The electrical box, I believe is a standard 6RA relay. Think of it as a switch which is turned on by you turning the ignition switch against the spring. So when you turn the switch, it turns on the relay, which in turn fires another relay in the starter motor. This then engages the starter motor and connects it straight to the battery. When the starter is engage and spinning, there is a 12V supply from the starter, which goes to the coil giving it 12V instead of the lower voltage from the ballast resistor.

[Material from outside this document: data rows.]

(* Let $\Gamma$ be a connected, infinite, locally-finite, 3-connected, quasi-transitive planar graph with exactly one end, and let $M$ be the map in $\mathcal{X}\in\{\mathbb{E}^2,\mathbb{H}^2\}$ obtained by embedding $\Gamma$ via Babai's theorem (so every automorphism of $\Gamma$ is induced by an isometry of $\mathcal{X}$). Then $V(M)$ is a locally finite collection of vertices, i.e. every compact subset of $\mathcal{X}$ contains only finitely many vertices of $M$.
   Context: A map $M$ in a surface $X$ is a graph embedded in $X$: vertices are distinct points, edges are curves joining their endpoints which meet only at common endpoints, and each component of $X$ minus the embedded graph (a face) is homeomorphic to an open disc. Babai's theorem (cited, not proved here): a locally-finite 3-connected quasi-transitive planar graph with at most one end has an embedding as such a map in a natural geometry $\mathcal{X}$ (the Euclidean plane $\mathbb{E}^2$ or hyperbolic plane $\mathbb{H}^2$) such that all automorphisms of $\Gamma$ are induced by isometries of $\mathcal{X}$. A graph is quasi-transitive if $\mathrm{Aut}(\Gamma)$ has finitely many vertex orbits; ends are equivalence classes of rays, two rays being equivalent if joined by infinitely many disjoint paths. *)

theory Defs
  imports "HOL-Analysis.Analysis"
begin

definition graph :: "'v set \<Rightarrow> ('v \<Rightarrow> 'v \<Rightarrow> bool) \<Rightarrow> bool" where
  "graph V E \<longleftrightarrow> (\<forall>u v. E u v \<longrightarrow> u \<in> V \<and> v \<in> V \<and> u \<noteq> v \<and> E v u)"

definition connected_on :: "'v set \<Rightarrow> ('v \<Rightarrow> 'v \<Rightarrow> bool) \<Rightarrow> bool" where
  "connected_on W E \<longleftrightarrow>
     (\<forall>u\<in>W. \<forall>v\<in>W. (\<lambda>x y. E x y \<and> x \<in> W \<and> y \<in> W)\<^sup>*\<^sup>* u v)"

definition locally_finite_graph :: "'v set \<Rightarrow> ('v \<Rightarrow> 'v \<Rightarrow> bool) \<Rightarrow> bool" where
  "locally_finite_graph V E \<longleftrightarrow> (\<forall>u\<in>V. finite {v. E u v})"

definition k_connected :: "nat \<Rightarrow> 'v set \<Rightarrow> ('v \<Rightarrow> 'v \<Rightarrow> bool) \<Rightarrow> bool" where
  "k_connected k V E \<longleftrightarrow>
     (\<not> (finite V \<and> card V \<le> k)) \<and>
     (\<forall>S. S \<subseteq> V \<and> finite S \<and> card S < k \<longrightarrow> connected_on (V - S) E)"

definition graph_automorphism :: "'v set \<Rightarrow> ('v \<Rightarrow> 'v \<Rightarrow> bool) \<Rightarrow> ('v \<Rightarrow> 'v) \<Rightarrow> bool" where
  "graph_automorphism V E \<sigma> \<longleftrightarrow>
     bij_betw \<sigma> V V \<and> (\<forall>u\<in>V. \<forall>v\<in>V. E u v \<longleftrightarrow> E (\<sigma> u) (\<sigma> v))"

definition quasi_transitive :: "'v set \<Rightarrow> ('v \<Rightarrow> 'v \<Rightarrow> bool) \<Rightarrow> bool" where
  "quasi_transitive V E \<longleftrightarrow>
     finite ((\<lambda>v. {\<sigma> v | \<sigma>. graph_automorphism V E \<sigma>}) ` V)"

definition ray :: "'v set \<Rightarrow> ('v \<Rightarrow> 'v \<Rightarrow> bool) \<Rightarrow> (nat \<Rightarrow> 'v) \<Rightarrow> bool" where
  "ray V E r \<longleftrightarrow> inj r \<and> (\<forall>n. r n \<in> V \<and> E (r n) (r (Suc n)))"

definition gpath :: "'v set \<Rightarrow> ('v \<Rightarrow> 'v \<Rightarrow> bool) \<Rightarrow> 'v list \<Rightarrow> bool" where
  "gpath V E p \<longleftrightarrow> p \<noteq> [] \<and> distinct p \<and> set p \<subseteq> V \<and>
     (\<forall>i. Suc i < length p \<longrightarrow> E (p ! i) (p ! Suc i))"

definition equiv_rays :: "'v set \<Rightarrow> ('v \<Rightarrow> 'v \<Rightarrow> bool) \<Rightarrow> (nat \<Rightarrow> 'v) \<Rightarrow> (nat \<Rightarrow> 'v) \<Rightarrow> bool" where
  "equiv_rays V E r1 r2 \<longleftrightarrow>
     (\<exists>P :: nat \<Rightarrow> 'v list.
        (\<forall>i. gpath V E (P i) \<and> hd (P i) \<in> range r1 \<and> last (P i) \<in> range r2) \<and>
        (\<forall>i j. i \<noteq> j \<longrightarrow> set (P i) \<inter> set (P j) = {}))"

definition one_ended :: "'v set \<Rightarrow> ('v \<Rightarrow> 'v \<Rightarrow> bool) \<Rightarrow> bool" where
  "one_ended V E \<longleftrightarrow> (\<exists>r. ray V E r) \<and>
     (\<forall>r1 r2. ray V E r1 \<and> ray V E r2 \<longrightarrow> equiv_rays V E r1 r2)"

section \<open>The natural geometries, modelled in the complex numbers\<close>

datatype geometry = Euclidean | Hyperbolic

text \<open>The Euclidean plane is the whole complex plane; the hyperbolic plane is the
Poincare disc model (open unit disc) with the hyperbolic distance.  In both cases
the metric topology is the usual subspace topology of the complex plane.\<close>
fun carrier_geom :: "geometry \<Rightarrow> complex set" where
  "carrier_geom Euclidean = UNIV"
| "carrier_geom Hyperbolic = ball 0 1"

definition hdist :: "complex \<Rightarrow> complex \<Rightarrow> real" where
  "hdist z w = arcosh (1 + 2 * (cmod (z - w))\<^sup>2 / ((1 - (cmod z)\<^sup>2) * (1 - (cmod w)\<^sup>2)))"

fun dist_geom :: "geometry \<Rightarrow> complex \<Rightarrow> complex \<Rightarrow> real" where
  "dist_geom Euclidean z w = dist z w"
| "dist_geom Hyperbolic z w = hdist z w"

definition isometry_geom :: "geometry \<Rightarrow> (complex \<Rightarrow> complex) \<Rightarrow> bool" where
  "isometry_geom X f \<longleftrightarrow> bij_betw f (carrier_geom X) (carrier_geom X) \<and>
     (\<forall>z\<in>carrier_geom X. \<forall>w\<in>carrier_geom X. dist_geom X (f z) (f w) = dist_geom X z w)"

text \<open>A map of the graph (V,E) in X: vertex positions pos (injective), and for each
ordered adjacent pair (u,v) an arc c u v from pos u to pos v, with c v u the reverse
of c u v.\<close>

definition edge_img :: "('v \<Rightarrow> 'v \<Rightarrow> real \<Rightarrow> complex) \<Rightarrow> 'v \<Rightarrow> 'v \<Rightarrow> complex set" where
  "edge_img c u v = path_image (c u v)"

definition graph_image ::
  "'v set \<Rightarrow> ('v \<Rightarrow> 'v \<Rightarrow> bool) \<Rightarrow> ('v \<Rightarrow> complex) \<Rightarrow> ('v \<Rightarrow> 'v \<Rightarrow> real \<Rightarrow> complex) \<Rightarrow> complex set" where
  "graph_image V E pos c = pos ` V \<union> (\<Union>{edge_img c u v | u v. E u v})"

When you turn the ignition on, so the red lights are on the dash, is the fuel pump working? and do you have power to the coil?

Richard
 
Hi Guys,

Thanks for your help.
With the ignition on, yes I have the red lights illuminated on the dash.
The fuel pump does not work. No power supply.
Yes I do have power to the coil.

Unfortunately, due to work and family commitments I will have limited time over the next couple of weeks to play with the car. :(
However, hopefully I will get plenty of time afterwards.:)

Thanks again,

Paul.
 
Well, if the fuel pump isn't working, that's a good place to start. Try to trace the wire back to where it starts. Mine was connected to the heated rear windscreen switch and the electric fan was also connected into the same bit of the loom. It was ok until I put the heated rear screen on one muggy day and then got stuck in traffic. The fan kicked in and the fuse box melted :eek:

So, turn the ignition on and check the pump with a voltmeter, if you have 12V or more then check the earth on the pump. If you have nothing, turn the ignition off (no sense leaving it for too long) and follow the wire back to the next connection, e.g. back of the rear screen switch, hidden switch somewhere, or the fuse box, wherever it goes. Then turn the ignition on again and check for voltage there. If it's the fuse box, check the fuse, and keep going until you find some power somewhere. A loose connection should be fairly obvious.

Richard
 
Success!!!
I have found the culprit for my non starting.
Today was my first chance to work on the car in over 2 months.
There was a blown 10 amp fuse in the circuit under the dash. The circuit supplies both the electronic fuel pump and electronic ignition.
I drove her for the first time as well, all of 5 metres to the front of the shed and then reversed her back again.
Now to tackle the lack of brakes with my new found enthusiasm!